lemma sum_swap_pairs:
  "(\<Sum>x\<in>X. \<Sum>y\<in>Y. \<Sum>i\<in>I. \<Sum>j\<in>J. F x y i j) = (\<Sum>i\<in>I. \<Sum>j\<in>J. \<Sum>x\<in>X. \<Sum>y\<in>Y. F x y i j)"
proof -
  have "(\<Sum>x\<in>X. \<Sum>y\<in>Y. \<Sum>i\<in>I. \<Sum>j\<in>J. F x y i j) = (\<Sum>x\<in>X. \<Sum>i\<in>I. \<Sum>y\<in>Y. \<Sum>j\<in>J. F x y i j)"
    by (rule sum.cong[OF refl], rule sum.swap)
  also have "\<dots> = (\<Sum>i\<in>I. \<Sum>x\<in>X. \<Sum>j\<in>J. \<Sum>y\<in>Y. F x y i j)"
    by (subst sum.swap, rule sum.cong[OF refl], rule sum.cong[OF refl], rule sum.swap)
  also have "\<dots> = (\<Sum>i\<in>I. \<Sum>j\<in>J. \<Sum>x\<in>X. \<Sum>y\<in>Y. F x y i j)"
    by (rule sum.cong[OF refl], rule sum.swap)
  finally show ?thesis .
qed

lemma sum_sum_mult_ptrace:
  assumes \<pi>: "\<forall>i<P. \<pi> i < Q"
  shows "(\<Sum>a<Q. \<Sum>b<Q. f a b * ptrace P \<pi> g \<rho> a b)
       = (\<Sum>i<P. \<Sum>j<P. if g i = g j then f (\<pi> i) (\<pi> j) * \<rho> i j else 0)"
proof -
  have delta: "(\<Sum>a<Q. \<Sum>b<Q. if k = a \<and> l = b then F a b else 0) = F k l"
    if "k < Q" "l < Q" for k l and F :: "nat \<Rightarrow> nat \<Rightarrow> complex"
    using that by (subst sum.swap) (simp add: if_if_eq_conj[symmetric])
  let ?F = "\<lambda>a b i j. if \<pi> i = a \<and> \<pi> j = b \<and> g i = g j then f a b * \<rho> i j else 0"
  have "(\<Sum>a<Q. \<Sum>b<Q. f a b * ptrace P \<pi> g \<rho> a b) = (\<Sum>a<Q. \<Sum>b<Q. \<Sum>i<P. \<Sum>j<P. ?F a b i j)"
    unfolding ptrace_def sum_distrib_left by (intro sum.cong refl) simp
  also have "\<dots> = (\<Sum>i<P. \<Sum>j<P. \<Sum>a<Q. \<Sum>b<Q. ?F a b i j)"
    by (rule sum_swap_pairs)
  also have "\<dots> = (\<Sum>i<P. \<Sum>j<P. if g i = g j then f (\<pi> i) (\<pi> j) * \<rho> i j else 0)"
    using \<pi> by (intro sum.cong refl) (simp add: delta)
  finally show ?thesis .
qed

lemma ptrace_hermitian:
  assumes herm: "\<forall>i<P. \<forall>j<P. \<rho> j i = cnj (\<rho> i j)"
  shows "ptrace P \<pi> g \<rho> b a = cnj (ptrace P \<pi> g \<rho> a b)"
proof -
  have "cnj (ptrace P \<pi> g \<rho> a b)
      = (\<Sum>i<P. \<Sum>j<P. if \<pi> i = a \<and> \<pi> j = b \<and> g i = g j then \<rho> j i else 0)"
    unfolding ptrace_def cnj_sum
  proof (intro sum.cong refl)
    fix i j assume "i \<in> {..<P}" "j \<in> {..<P}"
    hence "\<rho> j i = cnj (\<rho> i j)" using herm by blast
    thus "cnj (if \<pi> i = a \<and> \<pi> j = b \<and> g i = g j then \<rho> i j else 0)
        = (if \<pi> i = a \<and> \<pi> j = b \<and> g i = g j then \<rho> j i else 0)" by simp
  qed
  also have "\<dots> = ptrace P \<pi> g \<rho> b a"
    unfolding ptrace_def by (subst sum.swap) (intro sum.cong refl, auto)
  finally show ?thesis by simp
qed

lemma ptrace_psd:
  assumes \<pi>: "\<forall>i<P. \<pi> i < Q"
    and psd: "\<forall>w. 0 \<le> Re (\<Sum>i<P. \<Sum>j<P. cnj (w i) * \<rho> i j * w j)"
  shows "0 \<le> Re (\<Sum>a<Q. \<Sum>b<Q. cnj (v a) * ptrace P \<pi> g \<rho> a b * v b)"
proof -
  \<comment> \<open>the form splits into one quadratic form of \<open>\<rho>\<close> per value \<open>c\<close> of the traced-out part\<close>
  define w where "w c i = (if g i = c then v (\<pi> i) else 0)" for c i
  have "(\<Sum>a<Q. \<Sum>b<Q. cnj (v a) * ptrace P \<pi> g \<rho> a b * v b)
      = (\<Sum>a<Q. \<Sum>b<Q. (cnj (v a) * v b) * ptrace P \<pi> g \<rho> a b)"
    by (simp add: ac_simps)
  also have "\<dots> = (\<Sum>i<P. \<Sum>j<P. if g i = g j then cnj (v (\<pi> i)) * v (\<pi> j) * \<rho> i j else 0)"
    by (rule sum_sum_mult_ptrace[OF \<pi>])
  also have "\<dots> = (\<Sum>i<P. \<Sum>j<P. \<Sum>c\<in>g ` {..<P}. cnj (w c i) * \<rho> i j * w c j)"
    by (intro sum.cong refl) (auto simp: w_def if_distrib cong: if_cong)
  also have "\<dots> = (\<Sum>c\<in>g ` {..<P}. \<Sum>i<P. \<Sum>j<P. cnj (w c i) * \<rho> i j * w c j)"
    by (subst sum.swap, rule sum.cong[OF refl], rule sum.swap)
  finally show ?thesis
    using psd by (simp add: Re_sum sum_nonneg)
qed

lemma ptrace_trace:
  assumes \<pi>: "\<forall>i<P. \<pi> i < Q"
    and inj: "\<And>i j. i < P \<Longrightarrow> j < P \<Longrightarrow> \<pi> i = \<pi> j \<Longrightarrow> g i = g j \<Longrightarrow> i = j"
  shows "(\<Sum>a<Q. ptrace P \<pi> g \<rho> a a) = (\<Sum>i<P. \<rho> i i)"
proof -
  have "(\<Sum>a<Q. ptrace P \<pi> g \<rho> a a) = (\<Sum>a<Q. \<Sum>b<Q. of_bool (a = b) * ptrace P \<pi> g \<rho> a b)"
    by simp
  also have "\<dots> = (\<Sum>i<P. \<Sum>j<P. if g i = g j then of_bool (\<pi> i = \<pi> j) * \<rho> i j else 0)"
    by (rule sum_sum_mult_ptrace[OF \<pi>])
  also have "\<dots> = (\<Sum>i<P. \<Sum>j<P. if i = j then \<rho> i j else 0)"
    using inj by (intro sum.cong refl) auto
  finally show ?thesis by simp
qed

lemma ptrace_ptrace:
  assumes \<pi>: "\<forall>i<P. \<pi> i < Q"
  shows "ptrace Q \<pi>' g' (ptrace P \<pi> g \<rho>) = ptrace P (\<pi>' \<circ> \<pi>) (\<lambda>i. (g' (\<pi> i), g i)) \<rho>"
proof (intro ext)
  fix x y
  have "ptrace Q \<pi>' g' (ptrace P \<pi> g \<rho>) x y
      = (\<Sum>a<Q. \<Sum>b<Q. of_bool (\<pi>' a = x \<and> \<pi>' b = y \<and> g' a = g' b) * ptrace P \<pi> g \<rho> a b)"
    unfolding ptrace_def[of Q \<pi>' g'] by (intro sum.cong refl) simp
  also have "\<dots> = (\<Sum>i<P. \<Sum>j<P. if g i = g j
      then of_bool (\<pi>' (\<pi> i) = x \<and> \<pi>' (\<pi> j) = y \<and> g' (\<pi> i) = g' (\<pi> j)) * \<rho> i j else 0)"
    by (rule sum_sum_mult_ptrace[OF \<pi>])
  also have "\<dots> = ptrace P (\<pi>' \<circ> \<pi>) (\<lambda>i. (g' (\<pi> i), g i)) \<rho> x y"
    unfolding ptrace_def by (intro sum.cong refl) auto
  finally show "ptrace Q \<pi>' g' (ptrace P \<pi> g \<rho>) x y
      = ptrace P (\<pi>' \<circ> \<pi>) (\<lambda>i. (g' (\<pi> i), g i)) \<rho> x y" .
qed

lemma ptrace_cong:
  assumes "\<forall>i<P. \<pi> i = \<pi>' i" and "\<forall>i<P. \<forall>j<P. g i = g j \<longleftrightarrow> g' i = g' j"
  shows "ptrace P \<pi> g \<rho> = ptrace P \<pi>' g' \<rho>"
proof (intro ext)
  fix a b
  have "(if \<pi> i = a \<and> \<pi> j = b \<and> g i = g j then \<rho> i j else 0)
      = (if \<pi>' i = a \<and> \<pi>' j = b \<and> g' i = g' j then \<rho> i j else 0)" if "i < P" "j < P" for i j
    using assms that by simp
  thus "ptrace P \<pi> g \<rho> a b = ptrace P \<pi>' g' \<rho> a b"
    unfolding ptrace_def by (intro sum.cong refl) simp
qed

lemma reduce_eq_ptrace:
  "reduce ds S \<rho> a b =
     (if a < prod_list (nths ds S) \<and> b < prod_list (nths ds S)
      then ptrace (prod_list ds) (kept_index ds S) (traced_digits ds S) \<rho> a b else 0)"
proof -
  have kept_iff: "nths (decode ds i) S = decode (nths ds S) a \<longleftrightarrow> kept_index ds S i = a"
    if "i < prod_list ds" "a < prod_list (nths ds S)" for i a
    using that decode_kept_index[OF that(1)] kept_index_less[OF that(1)] decode_inj by metis
  show ?thesis
    unfolding reduce_def ptrace_def traced_digits_def
    by (auto simp: kept_iff intro!: sum.cong)
qed

lemma is_state_cong: "prod_list ds = prod_list ds' \<Longrightarrow> is_state ds = is_state ds'"
  by (simp add: is_state_def fun_eq_iff)

lemma is_state_reduce:
  assumes "is_state ds \<rho>"
  shows "is_state (nths ds S) (reduce ds S \<rho>)"
proof -
  let ?P = "prod_list ds" and ?Q = "prod_list (nths ds S)"
  let ?tr = "ptrace ?P (kept_index ds S) (traced_digits ds S) \<rho>"
  have kept: "\<forall>i<?P. kept_index ds S i < ?Q" by (simp add: kept_index_less)
  from assms have herm: "\<forall>i<?P. \<forall>j<?P. \<rho> j i = cnj (\<rho> i j)"
    and psd: "\<forall>v. 0 \<le> Re (\<Sum>i<?P. \<Sum>j<?P. cnj (v i) * \<rho> i j * v j)"
    and tr: "(\<Sum>i<?P. \<rho> i i) = 1"
    unfolding is_state_def by blast+
  have "\<forall>a b. ?Q \<le> a \<or> ?Q \<le> b \<longrightarrow> reduce ds S \<rho> a b = 0"
    by (simp add: reduce_eq_ptrace)
  moreover have "\<forall>a<?Q. \<forall>b<?Q. reduce ds S \<rho> b a = cnj (reduce ds S \<rho> a b)"
    by (simp add: reduce_eq_ptrace, intro allI impI ptrace_hermitian[OF herm])
  moreover have "\<forall>v. 0 \<le> Re (\<Sum>a<?Q. \<Sum>b<?Q. cnj (v a) * reduce ds S \<rho> a b * v b)"
  proof
    fix v :: "nat \<Rightarrow> complex"
    have "(\<Sum>a<?Q. \<Sum>b<?Q. cnj (v a) * reduce ds S \<rho> a b * v b)
        = (\<Sum>a<?Q. \<Sum>b<?Q. cnj (v a) * ?tr a b * v b)"
      by (simp add: reduce_eq_ptrace)
    thus "0 \<le> Re (\<Sum>a<?Q. \<Sum>b<?Q. cnj (v a) * reduce ds S \<rho> a b * v b)"
      using ptrace_psd[OF kept psd] by simp
  qed
  moreover have "(\<Sum>a<?Q. reduce ds S \<rho> a a) = 1"
    using ptrace_trace[OF kept, of "traced_digits ds S"] kept_traced_inj tr
    by (simp add: reduce_eq_ptrace)
  ultimately show ?thesis
    unfolding is_state_def by blast
qed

— PROBLEM STATEMENT —
Please transcribe the data exactly from its first line. End with the line that contains "using that by".

— SOLUTION FOR THIS EXERCISE —
lemma sum_swap_pairs:
  "(\<Sum>x\<in>X. \<Sum>y\<in>Y. \<Sum>i\<in>I. \<Sum>j\<in>J. F x y i j) = (\<Sum>i\<in>I. \<Sum>j\<in>J. \<Sum>x\<in>X. \<Sum>y\<in>Y. F x y i j)"
proof -
  have "(\<Sum>x\<in>X. \<Sum>y\<in>Y. \<Sum>i\<in>I. \<Sum>j\<in>J. F x y i j) = (\<Sum>x\<in>X. \<Sum>i\<in>I. \<Sum>y\<in>Y. \<Sum>j\<in>J. F x y i j)"
    by (rule sum.cong[OF refl], rule sum.swap)
  also have "\<dots> = (\<Sum>i\<in>I. \<Sum>x\<in>X. \<Sum>j\<in>J. \<Sum>y\<in>Y. F x y i j)"
    by (subst sum.swap, rule sum.cong[OF refl], rule sum.cong[OF refl], rule sum.swap)
  also have "\<dots> = (\<Sum>i\<in>I. \<Sum>j\<in>J. \<Sum>x\<in>X. \<Sum>y\<in>Y. F x y i j)"
    by (rule sum.cong[OF refl], rule sum.swap)
  finally show ?thesis .
qed

lemma sum_sum_mult_ptrace:
  assumes \<pi>: "\<forall>i<P. \<pi> i < Q"
  shows "(\<Sum>a<Q. \<Sum>b<Q. f a b * ptrace P \<pi> g \<rho> a b)
       = (\<Sum>i<P. \<Sum>j<P. if g i = g j then f (\<pi> i) (\<pi> j) * \<rho> i j else 0)"
proof -
  have delta: "(\<Sum>a<Q. \<Sum>b<Q. if k = a \<and> l = b then F a b else 0) = F k l"
    if "k < Q" "l < Q" for k l and F :: "nat \<Rightarrow> nat \<Rightarrow> complex"
    using that by (subst sum.swap) (simp add: if_if_eq_conj[symmetric])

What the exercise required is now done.